The matter has been referred to me by the district court “for the purpose of holding proceedings related to Plaintiffs’ [contempt] motion.” [Dkt. # 80]. As my authority is limited in cases where the parties have not consented to a magistrate judge’s jurisdiction and in matters of civil contempt, see 28 U.S.C. Sec. 636(b)(1); Sec. 636(e)(6), I am confined to issuing a Report and Recommendation which the parties have the right to seek review de novo. 28 U.S.C. Sec. 636(b)(1); Sec. 636(e)(6); Fed.R.Civ.P. 72(b).
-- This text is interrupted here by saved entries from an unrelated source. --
(* For every $i$ (indices mod $8g-4$), $T_{\sigma(i)+1}T_i=T_{\sigma(i-1)-1}T_{i-1}$.
   Context: Fix $g\ge 2$. Let $\mathcal F$ be the regular hyperbolic $(8g-4)$-gon in the unit disk centered at $0$ with all interior angles $\pi/2$, sides labeled $1,\dots,8g-4$ counterclockwise, vertex $V_i$ the common endpoint of sides $i-1$ and $i$; indices mod $8g-4$. Let $\sigma(i)=4g-i$ for odd $i$, $\sigma(i)=2-i$ for even $i$, and $\rho(i)=\sigma(i)+1$. $T_i$ is the Möbius transformation mapping side $i$ onto side $\sigma(i)$ (its isometric circle contains side $i$); these generators satisfy $T_{\sigma(i)}T_i=\mathrm{Id}$, $T_i(V_i)=V_{\rho(i)}$, and $T_{\rho^3(i)}T_{\rho^2(i)}T_{\rho(i)}T_i=\mathrm{Id}$ for all $i$. *)

theory Defs
  imports "HOL-Analysis.Analysis"
begin

definition nsides :: "nat \<Rightarrow> int" where
  "nsides g = 8 * int g - 4"

definition idx :: "nat \<Rightarrow> int \<Rightarrow> int" where
  "idx g i = (i - 1) mod nsides g + 1"

(* Side pairing sigma (on reduced indices; parity is well defined since N is even). *)
definition sigma :: "nat \<Rightarrow> int \<Rightarrow> int" where
  "sigma g i = (let j = idx g i in idx g (if odd j then 4 * int g - j else 2 - j))"

definition rho :: "nat \<Rightarrow> int \<Rightarrow> int" where
  "rho g i = idx g (sigma g i + 1)"

(* Geometry of the regular N-gon centred at 0 with interior angles pi/2.
   Convention (rotation of the polygon): the midpoint of side i lies on the ray of
   angle alpha_i = 2 pi i / N, so V_i (common endpoint of sides i-1 and i) lies on
   the ray of angle alpha_i - pi/N.
   If a is the hyperbolic distance from 0 to the midpoint of a side, the right
   triangle (centre, side midpoint, vertex) with angles pi/N and pi/4 gives
   cosh a = cos(pi/4) / sin(pi/N). *)
definition side_angle :: "nat \<Rightarrow> int \<Rightarrow> real" where
  "side_angle g i = 2 * pi * real_of_int (idx g i) / real_of_int (nsides g)"

definition mid_dist :: "nat \<Rightarrow> real" where
  "mid_dist g = arcosh (cos (pi / 4) / sin (pi / real_of_int (nsides g)))"

(* hyperbolic translation along the real axis carrying the side with midpoint
   tanh(a/2) (on the positive real axis) onto the side with midpoint -tanh(a/2);
   its isometric circle is the geodesic containing the first side. *)
definition transl :: "real \<Rightarrow> complex \<Rightarrow> complex" where
  "transl t z = (z - complex_of_real t) / (1 - complex_of_real t * z)"

(* T_i : the Moebius transformation mapping side i onto side sigma(i), with
   isometric circle containing side i (so T_i(V_i) = V_rho(i)):
   rotate side i to the positive real axis, translate, rotate to side sigma(i). *)
definition Tgen :: "nat \<Rightarrow> int \<Rightarrow> complex \<Rightarrow> complex" where
  "Tgen g i z =
     cis (side_angle g (sigma g i) + pi) *
       transl (tanh (mid_dist g)) (cis (- side_angle g i) * z)"

end

theory Submission
  imports Defs "HOL-Number_Theory.Cong" "HOL-Complex_Analysis.Riemann_Mapping"
begin

text \<open>Put \<open>e x = cis (2\<pi>x/N)\<close> and let \<open>\<tau>\<close> be the hyperbolic translation along the real
  axis by \<open>2a\<close>, where \<open>a\<close> is the distance from the centre to a side. Then \<open>T\<^sub>j y = - e (\<sigma> j) \<cdot> \<tau> (y / e j)\<close>.
  Because \<open>\<sigma>(\<sigma>(i) + 1) \<equiv> \<sigma>(\<sigma>(i - 1) - 1) - 1 (mod N)\<close>, both sides of the claim end with
  the same rotation, and after normalising the rotations the claim becomes the single identity
  \<open>\<tau> (- \<tau> u / w) = w \<cdot> \<tau> (- w \<cdot> \<tau> (w u))\<close> with \<open>w = e 1\<close>. Clearing denominators turns it
  into a polynomial identity that follows from \<open>tanh\<^sup>2 a = cos (2\<pi>/N) = Re w\<close>, which is where
  the right angles of the polygon enter.\<close>

definition sigma_unreduced :: "nat \<Rightarrow> int \<Rightarrow> int" where
  "sigma_unreduced g x = (if odd x then 4 * int g - x else 2 - x)"

lemma idx_cong: "[idx g x = x] (mod nsides g)"
  unfolding idx_def cong_def by (simp add: mod_simps)

lemma sigma_unreduced_cong:
  assumes "[a = b] (mod nsides g)"
  shows "[sigma_unreduced g a = sigma_unreduced g b] (mod nsides g)"
proof -
  have "[a = b] (mod 2)"
    using assms by (rule cong_dvd_modulus) (simp add: nsides_def)
  then have "odd a = odd b"
    by (simp add: cong_def odd_iff_mod_2_eq_one)
  then show ?thesis
    using assms by (auto simp: sigma_unreduced_def intro: cong_diff)
qed

lemma sigma_cong_unreduced: "[sigma g x = sigma_unreduced g x] (mod nsides g)"
proof -
  have "sigma g x = idx g (sigma_unreduced g (idx g x))"
    unfolding sigma_def sigma_unreduced_def Let_def by simp
  then show ?thesis
    using cong_trans[OF idx_cong sigma_unreduced_cong[OF idx_cong]] by simp
qed

lemma sigma_unreduced_succ_pred:
  "[sigma_unreduced g (sigma_unreduced g i + 1)
      = sigma_unreduced g (sigma_unreduced g (i - 1) - 1) - 1] (mod nsides g)"
  by (cases "odd i")
    (auto simp: sigma_unreduced_def nsides_def cong_iff_dvd_diff dvd_diff_commute[of _ 4])

lemma sigma_succ_pred_cong:
  "[sigma g (sigma g i + 1) = sigma g (sigma g (i - 1) - 1) - 1] (mod nsides g)"
proof -
  let ?s = "sigma g" and ?s' = "sigma_unreduced g" and ?n = "nsides g"
  have "[?s' (?s i + 1) = ?s' (?s' i + 1)] (mod ?n)"
    using sigma_unreduced_cong cong_add[OF sigma_cong_unreduced cong_refl] by blast
  then have "[?s (?s i + 1) = ?s' (?s' i + 1)] (mod ?n)"
    using sigma_cong_unreduced cong_trans by blast
  moreover have "[?s' (?s (i - 1) - 1) = ?s' (?s' (i - 1) - 1)] (mod ?n)"
    using sigma_unreduced_cong cong_diff[OF sigma_cong_unreduced cong_refl] by blast
  then have "[?s (?s (i - 1) - 1) - 1 = ?s' (?s' (i - 1) - 1) - 1] (mod ?n)"
    using sigma_cong_unreduced cong_trans cong_diff cong_refl by blast
  ultimately show ?thesis
    using sigma_unreduced_succ_pred cong_trans cong_sym by metis
qed

definition side_rotation :: "nat \<Rightarrow> int \<Rightarrow> complex" where
  "side_rotation g x = cis (2 * pi * real_of_int x / real_of_int (nsides g))"

lemma side_rotation_add: "side_rotation g (a + b) = side_rotation g a * side_rotation g b"
  unfolding side_rotation_def cis_mult by (simp add: add_divide_distrib distrib_left)

lemma norm_side_rotation [simp]: "norm (side_rotation g x) = 1"
  by (simp add: side_rotation_def)

lemma side_rotation_nonzero [simp]: "side_rotation g x \<noteq> 0"
  using norm_side_rotation[of g x] by (metis norm_zero zero_neq_one)

lemma side_rotation_cong:
  assumes "[a = b] (mod nsides g)"
  shows "side_rotation g a = side_rotation g b"
proof -
  obtain k where b: "b = a + nsides g * k"
    using assms by (auto simp: cong_iff_lin)
  have "nsides g \<noteq> 0"
    unfolding nsides_def by presburger
  then have "side_rotation g b = side_rotation g a * cis (2 * pi * real_of_int k)"
    unfolding side_rotation_def cis_mult b by (simp add: field_simps)
  then show ?thesis by simp
qed

lemma cis_side_angle: "cis (side_angle g x) = side_rotation g x"
  unfolding side_angle_def using side_rotation_cong[OF idx_cong]
  by (simp add: side_rotation_def)

lemma transl_eq_Moebius_function: "transl t = Moebius_function 0 (complex_of_real t)"
  by (simp add: fun_eq_iff transl_def Moebius_function_simple)

lemma norm_transl_less_1: "\<bar>t\<bar> < 1 \<Longrightarrow> norm z < 1 \<Longrightarrow> norm (transl t z) < 1"
  unfolding transl_eq_Moebius_function by (rule Moebius_function_norm_lt_1) simp_all

lemma transl_denominator_nonzero:
  assumes "\<bar>t\<bar> < 1" and "norm z < 1"
  shows "1 - complex_of_real t * z \<noteq> 0"
proof
  assume "1 - complex_of_real t * z = 0"
  then have "norm (complex_of_real t * z) = 1" by simp
  moreover have "norm (complex_of_real t * z) < 1"
    using assms mult_strict_mono'[of "\<bar>t\<bar>" 1 "norm z" 1] by (simp add: norm_mult)
  ultimately show False by simp
qed

lemma transl_mult_denominator:
  "\<bar>t\<bar> < 1 \<Longrightarrow> norm z < 1 \<Longrightarrow>
    transl t z * (1 - complex_of_real t * z) = z - complex_of_real t"
  using transl_denominator_nonzero by (simp add: transl_def)

lemma cleared_rotation_identity:
  fixes t w u a b :: "'a :: field_char_0"
  assumes "2 * w * t\<^sup>2 = w\<^sup>2 + 1"
    and "a * (1 - t * u) = u - t" and "b * (1 - t * (w * u)) = w * u - t"
  shows "((- a - t * w) * (1 + t * w * b) - w * (- w * b - t) * (w + t * a))
      * ((1 - t * u) * (1 - t * (w * u))) = 0"
  using assms by algebra

lemma transl_rotation_identity:
  fixes t :: real and u w :: complex
  assumes t: "\<bar>t\<bar> < 1" and u: "norm u < 1" and w: "norm w = 1"
    and tw: "2 * w * (complex_of_real t)\<^sup>2 = w\<^sup>2 + 1"
  shows "transl t (- transl t u / w) = w * transl t (- w * transl t (w * u))"
proof -
  define a b where "a = transl t u" and "b = transl t (w * u)"
  let ?t = "complex_of_real t"
  have "w \<noteq> 0" using w by auto
  have wu: "norm (w * u) < 1" using u w by (simp add: norm_mult)
  have "norm (- a / w) < 1" "norm (- w * b) < 1"
    unfolding a_def b_def using norm_transl_less_1[OF t] u wu w
    by (simp_all add: norm_mult norm_divide)
  then have "1 - ?t * (- a / w) \<noteq> 0" "1 - ?t * (- w * b) \<noteq> 0"
    using transl_denominator_nonzero[OF t] by blast+
  then have den: "w + ?t * a \<noteq> 0" "1 + ?t * w * b \<noteq> 0"
    using \<open>w \<noteq> 0\<close> by (auto simp: field_simps)
  have "1 - ?t * u \<noteq> 0" "1 - ?t * (w * u) \<noteq> 0"
    using transl_denominator_nonzero[OF t] u wu by blast+
  moreover have "a * (1 - ?t * u) = u - ?t" and "b * (1 - ?t * (w * u)) = w * u - ?t"
    unfolding a_def b_def using transl_mult_denominator[OF t] u wu by blast+
  note cleared_rotation_identity[OF tw this]
  ultimately have "(- a - ?t * w) * (1 + ?t * w * b) = w * (- w * b - ?t) * (w + ?t * a)"
    by simp
  moreover have "transl t (- a / w) = (- a - ?t * w) / (w + ?t * a)"
  proof -
    have "- a / w - ?t = (- a - ?t * w) / w" "1 - ?t * (- a / w) = (w + ?t * a) / w"
      using \<open>w \<noteq> 0\<close> by (simp_all add: field_simps)
    then show ?thesis using \<open>w \<noteq> 0\<close> by (simp add: transl_def)
  qed
  moreover have "w * transl t (- w * b) = w * (- w * b - ?t) / (1 + ?t * w * b)"
    by (simp add: transl_def field_simps)
  ultimately show ?thesis
    unfolding a_def[symmetric] b_def[symmetric] using den by (simp add: frac_eq_eq)
qed

lemma two_mult_Re_unit:
  assumes "norm w = 1"
  shows "2 * w * complex_of_real (Re w) = w\<^sup>2 + 1"
proof -
  have "w * cnj w = 1"
    using assms by (simp add: complex_norm_square[symmetric])
  moreover have "2 * complex_of_real (Re w) = w + cnj w"
    by (simp add: complex_add_cnj)
  ultimately show ?thesis
    by (simp add: power2_eq_square algebra_simps)
qed

lemma tanh_mid_dist_sq:
  assumes "g \<ge> 2"
  shows "(tanh (mid_dist g))\<^sup>2 = cos (2 * pi / real_of_int (nsides g))"
proof -
  define n where "n = real_of_int (nsides g)"
  define s where "s = sin (pi / n)"
  have "n \<ge> 12" using assms unfolding n_def nsides_def by simp
  then have angle: "0 < pi / n" "pi / n \<le> pi / 4"
    using pi_gt_zero by (auto simp: field_simps)
  have s0: "s > 0"
    unfolding s_def using angle by (intro sin_gt_zero) linarith+
  have "s \<le> sqrt 2 / 2"
    unfolding s_def sin_45[symmetric] using angle by (intro sin_monotone_2pi_le) auto
  define x where "x = cos (pi / 4) / s"
  have x: "x \<ge> 1" and x_sq: "x\<^sup>2 = 1 / (2 * s\<^sup>2)"
    unfolding x_def cos_45 using s0 \<open>s \<le> sqrt 2 / 2\<close> by (simp_all add: power_divide)
  have "cosh (mid_dist g) = x"
    using x unfolding mid_dist_def x_def s_def n_def by simp
  then have "(tanh (mid_dist g))\<^sup>2 = (x\<^sup>2 - 1) / x\<^sup>2"
    unfolding tanh_def by (simp add: power_divide sinh_square_eq)
  also have "\<dots> = 1 - 2 * s\<^sup>2"
    using x_sq s0 x by (simp add: field_simps)
  also have "\<dots> = cos (2 * pi / n)"
    unfolding s_def using cos_double_sin[of "pi / n"] by simp
  finally show ?thesis unfolding n_def .
qed

lemma tanh_mid_dist_side_rotation:
  assumes "g \<ge> 2"
  shows "2 * side_rotation g 1 * (complex_of_real (tanh (mid_dist g)))\<^sup>2
    = (side_rotation g 1)\<^sup>2 + 1"
proof -
  have "(tanh (mid_dist g))\<^sup>2 = Re (side_rotation g 1)"
    using tanh_mid_dist_sq[OF assms] by (simp add: side_rotation_def)
  then show ?thesis
    using two_mult_Re_unit[OF norm_side_rotation] by (simp flip: of_real_power)
qed

lemma Tgen_eq:
  "Tgen g j y = - side_rotation g (sigma g j) * transl (tanh (mid_dist g)) (y / side_rotation g j)"
proof -
  have "cis (- side_angle g j) * y = y / cis (side_angle g j)"
    by (simp add: divide_inverse mult.commute)
  then show ?thesis
    unfolding Tgen_def cis_mult[symmetric] by (simp add: cis_side_angle)
qed

theorem lemma3p2:
  fixes g :: nat and i :: int and z :: complex
  assumes "g \<ge> 2" and "norm z < 1"
  shows "Tgen g (sigma g i + 1) (Tgen g i z) = Tgen g (sigma g (i - 1) - 1) (Tgen g (i - 1) z)"
proof -
  define t where "t = tanh (mid_dist g)"
  define e where "e x = side_rotation g x" for x
  define w where "w = e 1"
  define u where "u = z / e i"
  have T: "Tgen g j y = - e (sigma g j) * transl t (y / e j)" for j y
    unfolding Tgen_eq t_def e_def ..
  have shift: "e (x + 1) = e x * w" "e x = e (x - 1) * w" for x
    unfolding e_def w_def using side_rotation_add[of g x 1] side_rotation_add[of g "x - 1" 1]
    by simp_all
  have [simp]: "e x \<noteq> 0" "w \<noteq> 0" for x by (simp_all add: e_def w_def)
  have "\<bar>t\<bar> < 1" unfolding t_def using tanh_real_bounds[of "mid_dist g"] by auto
  have "norm u < 1" using \<open>norm z < 1\<close> by (simp add: u_def e_def norm_divide)
  have "norm w = 1" by (simp add: w_def e_def)
  have "2 * w * (complex_of_real t)\<^sup>2 = w\<^sup>2 + 1"
    using tanh_mid_dist_side_rotation[OF \<open>g \<ge> 2\<close>] by (simp add: t_def w_def e_def)
  note identity = transl_rotation_identity[OF \<open>\<bar>t\<bar> < 1\<close> \<open>norm u < 1\<close> \<open>norm w = 1\<close> this]
  have "e (sigma g (sigma g (i - 1) - 1)) = e (sigma g (sigma g i + 1)) * w"
    using side_rotation_cong[OF sigma_succ_pred_cong, of g i]
      shift(2)[of "sigma g (sigma g (i - 1) - 1)"] by (simp add: e_def)
  moreover have "Tgen g i z / e (sigma g i + 1) = - transl t u / w"
    unfolding T u_def shift(1) by simp
  moreover have "Tgen g (i - 1) z / e (sigma g (i - 1) - 1) = - w * transl t (w * u)"
    unfolding T u_def shift(2)[of i] shift(2)[of "sigma g (i - 1)"] by simp
  ultimately show ?thesis
    using identity unfolding T[of "sigma g i + 1"] T[of "sigma g (i - 1) - 1"] by simp
qed

end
Unfortunately, all three Orders in this case failed to comply with the uncompromisingly clear and unqualified language of Fed.R.Civ.P. 65(d)(1). As the Seventh Circuit has recently reiterated,
“Fed. R. Civ. P. 65(d)(1)( c) forbids incorporating another document . . . by reference.” BankDirect Capital Fin., LLC v. Capital Premium Fin., Inc., 912 F.3d 1054, 1057 (7th Cir. 2019). See also Eli Lilly & Co. v. Arla Foods, Inc., 893 F.3d 375, 384 (7th Cir. 2018)(“Rule 65 requires that every 2 injunction . . . ‘describe in reasonable detail – and not by referring to the complaint or other document – the act or acts restrained or required.’”)(Emphasis supplied). This specific and mandatory requirement “spares courts and litigants from struggling over an injunction’s scope and meaning by informing those who are enjoined of the specific conduct regulated by the injunction and
subject to contempt.” Patriot Homes, Inc. v. Forest River Hous., Inc., 512 F.3d 412, 415 (7th Cir. 2008). Prior to the motion for contempt, none of the parties raised any concern about Rule 65(d)(1)(C)’s unambiguous and mandatory restrictions, which passed silently and unnoticed by counsel on both sides. This is not to diminish the responsibility of the judicial officers who issued and approved the Orders. The inescapable reality is that all judges make mistakes at one time or another. Fujisawa Pharmaceutical Co., Ltd. v. Kapoor, 115 F.3d 1332 (1997). See also, Willy v.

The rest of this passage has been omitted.